Brief: Output the opening lines of the records exactly. End with the line that contains "tendsto_fst[OF tendsto_snd[OF r(2)]]".
*** Material provided ***
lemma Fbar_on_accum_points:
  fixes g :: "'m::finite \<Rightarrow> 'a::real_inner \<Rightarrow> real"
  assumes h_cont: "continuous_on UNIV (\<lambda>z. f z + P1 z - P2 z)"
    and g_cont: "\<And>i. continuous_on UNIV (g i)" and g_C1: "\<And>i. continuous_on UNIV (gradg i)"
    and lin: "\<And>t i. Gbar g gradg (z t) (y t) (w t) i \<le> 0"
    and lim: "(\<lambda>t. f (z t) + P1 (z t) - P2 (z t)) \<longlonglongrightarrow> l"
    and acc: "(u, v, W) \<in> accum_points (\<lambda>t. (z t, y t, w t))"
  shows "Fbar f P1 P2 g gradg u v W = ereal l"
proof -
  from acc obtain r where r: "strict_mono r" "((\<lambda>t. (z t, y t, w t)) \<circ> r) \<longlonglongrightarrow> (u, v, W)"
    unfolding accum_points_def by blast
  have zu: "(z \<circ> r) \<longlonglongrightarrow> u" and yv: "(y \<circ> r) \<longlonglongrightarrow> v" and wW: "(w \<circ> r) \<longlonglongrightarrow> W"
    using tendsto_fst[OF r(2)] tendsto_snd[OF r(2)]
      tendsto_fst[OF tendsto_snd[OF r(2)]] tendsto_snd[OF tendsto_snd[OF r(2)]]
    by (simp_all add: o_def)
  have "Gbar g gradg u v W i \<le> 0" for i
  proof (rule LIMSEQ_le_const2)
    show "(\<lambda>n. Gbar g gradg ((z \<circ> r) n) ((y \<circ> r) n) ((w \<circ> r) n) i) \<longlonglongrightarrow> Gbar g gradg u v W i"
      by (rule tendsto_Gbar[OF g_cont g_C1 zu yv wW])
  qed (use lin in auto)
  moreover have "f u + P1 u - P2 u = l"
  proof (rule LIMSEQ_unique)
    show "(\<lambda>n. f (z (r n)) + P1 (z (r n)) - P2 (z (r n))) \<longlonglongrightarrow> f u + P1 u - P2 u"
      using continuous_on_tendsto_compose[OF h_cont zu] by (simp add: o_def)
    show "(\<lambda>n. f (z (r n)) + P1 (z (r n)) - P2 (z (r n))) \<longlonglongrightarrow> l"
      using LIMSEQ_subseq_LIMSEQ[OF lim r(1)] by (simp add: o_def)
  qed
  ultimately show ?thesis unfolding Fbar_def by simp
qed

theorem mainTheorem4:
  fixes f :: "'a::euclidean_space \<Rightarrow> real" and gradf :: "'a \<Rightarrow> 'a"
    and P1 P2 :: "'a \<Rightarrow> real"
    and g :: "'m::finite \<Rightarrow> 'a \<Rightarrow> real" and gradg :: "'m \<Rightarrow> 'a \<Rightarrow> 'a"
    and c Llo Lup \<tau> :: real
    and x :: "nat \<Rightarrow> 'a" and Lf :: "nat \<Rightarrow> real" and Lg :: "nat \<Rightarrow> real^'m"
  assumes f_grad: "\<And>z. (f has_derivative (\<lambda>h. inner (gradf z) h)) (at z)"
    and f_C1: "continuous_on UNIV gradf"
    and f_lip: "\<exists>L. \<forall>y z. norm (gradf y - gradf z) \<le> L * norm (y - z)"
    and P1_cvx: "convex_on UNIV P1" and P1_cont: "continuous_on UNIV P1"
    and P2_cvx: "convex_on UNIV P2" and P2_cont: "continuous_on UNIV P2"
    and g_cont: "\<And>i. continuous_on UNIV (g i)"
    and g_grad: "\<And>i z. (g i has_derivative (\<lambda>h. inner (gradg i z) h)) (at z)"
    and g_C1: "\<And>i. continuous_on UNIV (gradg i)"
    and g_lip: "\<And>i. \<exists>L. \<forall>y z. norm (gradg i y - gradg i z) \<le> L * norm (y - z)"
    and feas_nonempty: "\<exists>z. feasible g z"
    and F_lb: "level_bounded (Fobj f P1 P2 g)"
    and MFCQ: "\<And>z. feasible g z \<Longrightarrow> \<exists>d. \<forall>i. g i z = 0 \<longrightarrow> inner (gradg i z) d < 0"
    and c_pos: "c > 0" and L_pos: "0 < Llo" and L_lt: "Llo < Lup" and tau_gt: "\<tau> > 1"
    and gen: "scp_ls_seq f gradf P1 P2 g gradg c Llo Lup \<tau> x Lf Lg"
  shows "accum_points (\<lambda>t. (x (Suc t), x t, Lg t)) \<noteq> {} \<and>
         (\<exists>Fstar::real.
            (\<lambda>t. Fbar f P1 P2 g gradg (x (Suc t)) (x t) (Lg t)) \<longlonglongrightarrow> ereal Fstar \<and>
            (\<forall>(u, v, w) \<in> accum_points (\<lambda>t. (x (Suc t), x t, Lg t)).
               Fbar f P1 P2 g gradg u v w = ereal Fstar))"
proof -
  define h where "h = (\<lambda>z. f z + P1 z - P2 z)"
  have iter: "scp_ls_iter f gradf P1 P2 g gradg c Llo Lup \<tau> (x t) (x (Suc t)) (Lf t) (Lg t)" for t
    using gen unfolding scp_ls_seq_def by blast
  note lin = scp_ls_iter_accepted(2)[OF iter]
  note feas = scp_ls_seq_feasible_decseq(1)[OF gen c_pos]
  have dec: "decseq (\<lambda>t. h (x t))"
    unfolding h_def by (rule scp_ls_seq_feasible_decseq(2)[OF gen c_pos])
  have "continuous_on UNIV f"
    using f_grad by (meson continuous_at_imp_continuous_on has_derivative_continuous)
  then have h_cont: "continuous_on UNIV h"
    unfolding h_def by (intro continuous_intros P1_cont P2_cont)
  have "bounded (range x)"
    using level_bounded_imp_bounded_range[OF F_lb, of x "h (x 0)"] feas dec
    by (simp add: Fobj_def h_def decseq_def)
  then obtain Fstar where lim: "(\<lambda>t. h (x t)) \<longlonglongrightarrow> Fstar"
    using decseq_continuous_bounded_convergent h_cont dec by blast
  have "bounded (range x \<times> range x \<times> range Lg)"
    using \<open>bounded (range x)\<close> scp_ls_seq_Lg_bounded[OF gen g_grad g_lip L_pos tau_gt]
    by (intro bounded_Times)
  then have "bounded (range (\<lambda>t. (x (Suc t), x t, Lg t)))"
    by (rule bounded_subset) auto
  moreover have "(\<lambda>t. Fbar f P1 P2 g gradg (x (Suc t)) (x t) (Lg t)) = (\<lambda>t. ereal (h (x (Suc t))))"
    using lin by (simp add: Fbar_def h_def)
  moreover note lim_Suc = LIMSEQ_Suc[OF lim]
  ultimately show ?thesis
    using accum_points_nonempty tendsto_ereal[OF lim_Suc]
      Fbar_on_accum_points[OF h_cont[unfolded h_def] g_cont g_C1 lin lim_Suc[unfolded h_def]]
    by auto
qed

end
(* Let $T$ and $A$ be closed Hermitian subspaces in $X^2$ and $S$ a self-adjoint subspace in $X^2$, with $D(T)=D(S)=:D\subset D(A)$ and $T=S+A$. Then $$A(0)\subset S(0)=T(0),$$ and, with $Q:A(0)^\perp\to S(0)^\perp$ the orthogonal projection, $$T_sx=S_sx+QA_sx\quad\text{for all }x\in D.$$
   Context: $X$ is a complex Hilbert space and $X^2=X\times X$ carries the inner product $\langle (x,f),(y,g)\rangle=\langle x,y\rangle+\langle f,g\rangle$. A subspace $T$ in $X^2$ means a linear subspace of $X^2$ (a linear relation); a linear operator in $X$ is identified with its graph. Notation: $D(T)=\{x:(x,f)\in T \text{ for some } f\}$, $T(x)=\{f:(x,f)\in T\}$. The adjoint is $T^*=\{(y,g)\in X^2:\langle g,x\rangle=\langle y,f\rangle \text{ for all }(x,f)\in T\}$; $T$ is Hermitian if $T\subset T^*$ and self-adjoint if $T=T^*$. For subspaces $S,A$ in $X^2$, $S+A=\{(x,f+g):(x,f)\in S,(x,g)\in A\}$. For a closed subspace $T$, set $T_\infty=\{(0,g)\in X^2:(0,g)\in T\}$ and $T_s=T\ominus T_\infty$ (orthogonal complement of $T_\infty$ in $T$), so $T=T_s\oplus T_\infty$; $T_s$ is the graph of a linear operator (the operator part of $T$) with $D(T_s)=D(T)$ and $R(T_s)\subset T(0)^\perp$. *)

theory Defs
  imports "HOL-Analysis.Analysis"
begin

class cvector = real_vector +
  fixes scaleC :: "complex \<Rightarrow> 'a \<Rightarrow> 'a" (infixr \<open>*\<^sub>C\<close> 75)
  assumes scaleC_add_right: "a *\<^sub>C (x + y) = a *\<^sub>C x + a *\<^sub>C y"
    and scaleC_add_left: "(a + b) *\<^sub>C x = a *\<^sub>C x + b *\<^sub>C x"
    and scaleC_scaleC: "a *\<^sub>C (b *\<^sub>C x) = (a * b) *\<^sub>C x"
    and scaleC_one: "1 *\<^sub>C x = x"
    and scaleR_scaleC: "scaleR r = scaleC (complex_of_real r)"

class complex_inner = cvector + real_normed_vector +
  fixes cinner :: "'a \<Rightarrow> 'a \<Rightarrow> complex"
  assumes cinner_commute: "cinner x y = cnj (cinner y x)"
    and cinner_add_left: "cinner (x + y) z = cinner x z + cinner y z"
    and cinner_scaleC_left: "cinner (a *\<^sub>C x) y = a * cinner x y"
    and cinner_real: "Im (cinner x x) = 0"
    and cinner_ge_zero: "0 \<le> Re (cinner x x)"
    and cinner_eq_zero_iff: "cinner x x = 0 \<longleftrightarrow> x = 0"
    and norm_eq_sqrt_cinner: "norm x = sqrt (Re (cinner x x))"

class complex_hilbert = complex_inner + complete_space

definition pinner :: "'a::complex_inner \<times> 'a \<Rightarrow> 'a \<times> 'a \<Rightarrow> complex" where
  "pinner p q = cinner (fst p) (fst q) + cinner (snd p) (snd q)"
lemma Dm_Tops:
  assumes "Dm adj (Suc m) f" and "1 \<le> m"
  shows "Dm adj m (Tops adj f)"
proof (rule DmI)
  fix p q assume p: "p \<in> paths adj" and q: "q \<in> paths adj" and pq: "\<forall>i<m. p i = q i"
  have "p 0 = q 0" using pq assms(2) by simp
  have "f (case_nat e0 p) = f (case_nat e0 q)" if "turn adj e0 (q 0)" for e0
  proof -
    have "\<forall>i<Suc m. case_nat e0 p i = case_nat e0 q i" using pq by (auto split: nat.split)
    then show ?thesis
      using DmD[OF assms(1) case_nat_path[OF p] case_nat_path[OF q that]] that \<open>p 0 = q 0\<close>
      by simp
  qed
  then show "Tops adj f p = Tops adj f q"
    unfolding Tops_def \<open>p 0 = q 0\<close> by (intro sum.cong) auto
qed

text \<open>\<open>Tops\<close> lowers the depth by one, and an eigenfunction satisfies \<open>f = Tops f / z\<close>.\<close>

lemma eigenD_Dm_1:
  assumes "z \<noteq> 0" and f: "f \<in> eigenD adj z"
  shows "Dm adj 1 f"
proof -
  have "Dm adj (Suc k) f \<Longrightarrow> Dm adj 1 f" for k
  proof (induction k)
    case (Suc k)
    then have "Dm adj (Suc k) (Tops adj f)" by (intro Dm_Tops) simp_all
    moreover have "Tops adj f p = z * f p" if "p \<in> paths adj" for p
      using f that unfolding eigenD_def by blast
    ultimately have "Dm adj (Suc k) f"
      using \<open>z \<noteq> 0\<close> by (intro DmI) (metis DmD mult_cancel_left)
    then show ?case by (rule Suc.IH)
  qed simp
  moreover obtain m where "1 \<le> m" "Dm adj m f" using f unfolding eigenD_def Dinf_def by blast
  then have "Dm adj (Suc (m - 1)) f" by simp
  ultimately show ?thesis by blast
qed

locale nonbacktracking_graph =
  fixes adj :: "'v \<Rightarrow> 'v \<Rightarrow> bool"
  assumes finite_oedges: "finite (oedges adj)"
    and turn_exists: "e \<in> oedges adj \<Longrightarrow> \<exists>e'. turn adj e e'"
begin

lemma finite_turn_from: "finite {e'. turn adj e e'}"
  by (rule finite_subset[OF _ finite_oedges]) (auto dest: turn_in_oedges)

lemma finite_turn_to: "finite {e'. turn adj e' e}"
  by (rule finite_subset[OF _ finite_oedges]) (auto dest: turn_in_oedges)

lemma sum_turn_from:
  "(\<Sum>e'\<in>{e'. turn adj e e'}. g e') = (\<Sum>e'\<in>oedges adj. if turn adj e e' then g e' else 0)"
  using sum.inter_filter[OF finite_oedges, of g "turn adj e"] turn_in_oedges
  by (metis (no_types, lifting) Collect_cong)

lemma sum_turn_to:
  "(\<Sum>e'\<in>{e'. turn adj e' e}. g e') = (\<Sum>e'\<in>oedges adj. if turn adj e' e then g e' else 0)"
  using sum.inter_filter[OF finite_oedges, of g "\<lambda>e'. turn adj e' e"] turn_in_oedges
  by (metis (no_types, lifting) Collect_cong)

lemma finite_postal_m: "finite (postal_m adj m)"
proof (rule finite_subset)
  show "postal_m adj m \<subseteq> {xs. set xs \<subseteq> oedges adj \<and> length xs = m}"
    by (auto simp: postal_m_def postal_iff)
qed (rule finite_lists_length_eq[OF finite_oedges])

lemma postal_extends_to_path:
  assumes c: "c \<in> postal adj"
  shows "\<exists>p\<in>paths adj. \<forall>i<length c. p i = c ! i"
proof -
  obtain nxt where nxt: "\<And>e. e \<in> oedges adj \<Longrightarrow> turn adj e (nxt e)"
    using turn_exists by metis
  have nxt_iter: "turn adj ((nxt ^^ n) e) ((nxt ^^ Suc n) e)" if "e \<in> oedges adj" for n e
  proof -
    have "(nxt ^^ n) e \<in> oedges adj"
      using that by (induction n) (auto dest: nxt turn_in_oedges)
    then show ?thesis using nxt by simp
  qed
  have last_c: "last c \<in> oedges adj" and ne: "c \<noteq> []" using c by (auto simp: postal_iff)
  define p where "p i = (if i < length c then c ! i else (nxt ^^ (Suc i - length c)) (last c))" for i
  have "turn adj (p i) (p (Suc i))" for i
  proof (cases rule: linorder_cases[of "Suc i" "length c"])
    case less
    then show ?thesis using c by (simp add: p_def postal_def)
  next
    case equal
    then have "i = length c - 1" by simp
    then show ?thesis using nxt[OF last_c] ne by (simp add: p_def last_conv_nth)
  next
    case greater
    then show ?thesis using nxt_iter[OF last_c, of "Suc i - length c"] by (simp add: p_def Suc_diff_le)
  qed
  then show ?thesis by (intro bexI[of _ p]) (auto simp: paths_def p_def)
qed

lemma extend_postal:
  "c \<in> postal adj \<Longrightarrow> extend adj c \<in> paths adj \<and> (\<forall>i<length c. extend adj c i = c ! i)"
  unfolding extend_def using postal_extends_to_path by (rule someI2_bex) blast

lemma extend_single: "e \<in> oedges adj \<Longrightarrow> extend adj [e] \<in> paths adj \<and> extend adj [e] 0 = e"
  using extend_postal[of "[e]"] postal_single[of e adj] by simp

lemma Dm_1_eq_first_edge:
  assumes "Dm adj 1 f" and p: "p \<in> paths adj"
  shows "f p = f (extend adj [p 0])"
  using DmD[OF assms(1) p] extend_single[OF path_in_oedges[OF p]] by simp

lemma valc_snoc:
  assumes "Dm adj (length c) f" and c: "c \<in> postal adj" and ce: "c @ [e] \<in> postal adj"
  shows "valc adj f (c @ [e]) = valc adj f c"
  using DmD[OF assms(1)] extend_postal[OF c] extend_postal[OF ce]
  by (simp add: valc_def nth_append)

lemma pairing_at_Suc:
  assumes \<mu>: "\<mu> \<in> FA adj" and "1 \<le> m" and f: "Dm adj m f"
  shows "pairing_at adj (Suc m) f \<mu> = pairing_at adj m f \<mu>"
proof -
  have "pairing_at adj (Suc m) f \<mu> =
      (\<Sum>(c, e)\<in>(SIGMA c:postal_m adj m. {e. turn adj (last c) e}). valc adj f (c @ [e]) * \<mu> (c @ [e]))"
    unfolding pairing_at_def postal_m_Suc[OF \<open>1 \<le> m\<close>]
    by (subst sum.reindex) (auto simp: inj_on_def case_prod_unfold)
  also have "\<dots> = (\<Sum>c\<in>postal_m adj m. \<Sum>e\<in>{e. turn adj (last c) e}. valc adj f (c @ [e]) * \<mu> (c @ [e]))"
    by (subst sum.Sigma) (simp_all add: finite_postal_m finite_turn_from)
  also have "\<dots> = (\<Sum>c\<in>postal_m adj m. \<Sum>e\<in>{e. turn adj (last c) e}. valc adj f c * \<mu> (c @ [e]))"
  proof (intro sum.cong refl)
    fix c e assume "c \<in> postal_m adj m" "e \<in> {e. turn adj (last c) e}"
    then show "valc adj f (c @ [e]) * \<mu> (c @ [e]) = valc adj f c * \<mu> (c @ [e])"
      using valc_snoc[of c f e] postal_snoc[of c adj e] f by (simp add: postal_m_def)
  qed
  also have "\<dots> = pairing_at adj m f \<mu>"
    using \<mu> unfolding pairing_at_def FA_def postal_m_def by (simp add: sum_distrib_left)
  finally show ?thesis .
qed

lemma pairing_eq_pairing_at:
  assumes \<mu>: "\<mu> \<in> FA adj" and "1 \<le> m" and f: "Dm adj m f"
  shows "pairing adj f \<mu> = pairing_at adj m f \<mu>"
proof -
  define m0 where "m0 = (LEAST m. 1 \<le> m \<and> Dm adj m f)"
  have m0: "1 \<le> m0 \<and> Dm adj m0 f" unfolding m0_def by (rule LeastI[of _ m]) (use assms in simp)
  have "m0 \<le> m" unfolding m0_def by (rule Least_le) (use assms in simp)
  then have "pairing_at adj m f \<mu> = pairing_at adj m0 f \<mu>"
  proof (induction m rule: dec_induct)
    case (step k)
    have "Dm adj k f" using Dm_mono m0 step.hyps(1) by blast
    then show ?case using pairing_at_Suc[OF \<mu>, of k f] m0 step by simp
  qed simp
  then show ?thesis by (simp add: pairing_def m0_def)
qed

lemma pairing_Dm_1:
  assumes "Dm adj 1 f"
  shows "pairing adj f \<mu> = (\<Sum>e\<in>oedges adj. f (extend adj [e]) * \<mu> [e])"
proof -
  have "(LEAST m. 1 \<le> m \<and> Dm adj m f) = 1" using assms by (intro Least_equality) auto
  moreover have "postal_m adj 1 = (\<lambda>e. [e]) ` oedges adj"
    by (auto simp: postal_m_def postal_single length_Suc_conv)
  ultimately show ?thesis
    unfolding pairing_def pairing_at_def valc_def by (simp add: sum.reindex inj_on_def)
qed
***
Response area:
lemma Fbar_on_accum_points:
  fixes g :: "'m::finite \<Rightarrow> 'a::real_inner \<Rightarrow> real"
  assumes h_cont: "continuous_on UNIV (\<lambda>z. f z + P1 z - P2 z)"
    and g_cont: "\<And>i. continuous_on UNIV (g i)" and g_C1: "\<And>i. continuous_on UNIV (gradg i)"
    and lin: "\<And>t i. Gbar g gradg (z t) (y t) (w t) i \<le> 0"
    and lim: "(\<lambda>t. f (z t) + P1 (z t) - P2 (z t)) \<longlonglongrightarrow> l"
    and acc: "(u, v, W) \<in> accum_points (\<lambda>t. (z t, y t, w t))"
  shows "Fbar f P1 P2 g gradg u v W = ereal l"
proof -
  from acc obtain r where r: "strict_mono r" "((\<lambda>t. (z t, y t, w t)) \<circ> r) \<longlonglongrightarrow> (u, v, W)"
    unfolding accum_points_def by blast
  have zu: "(z \<circ> r) \<longlonglongrightarrow> u" and yv: "(y \<circ> r) \<longlonglongrightarrow> v" and wW: "(w \<circ> r) \<longlonglongrightarrow> W"
    using tendsto_fst[OF r(2)] tendsto_snd[OF r(2)]
      tendsto_fst[OF tendsto_snd[OF r(2)]] tendsto_snd[OF tendsto_snd[OF r(2)]]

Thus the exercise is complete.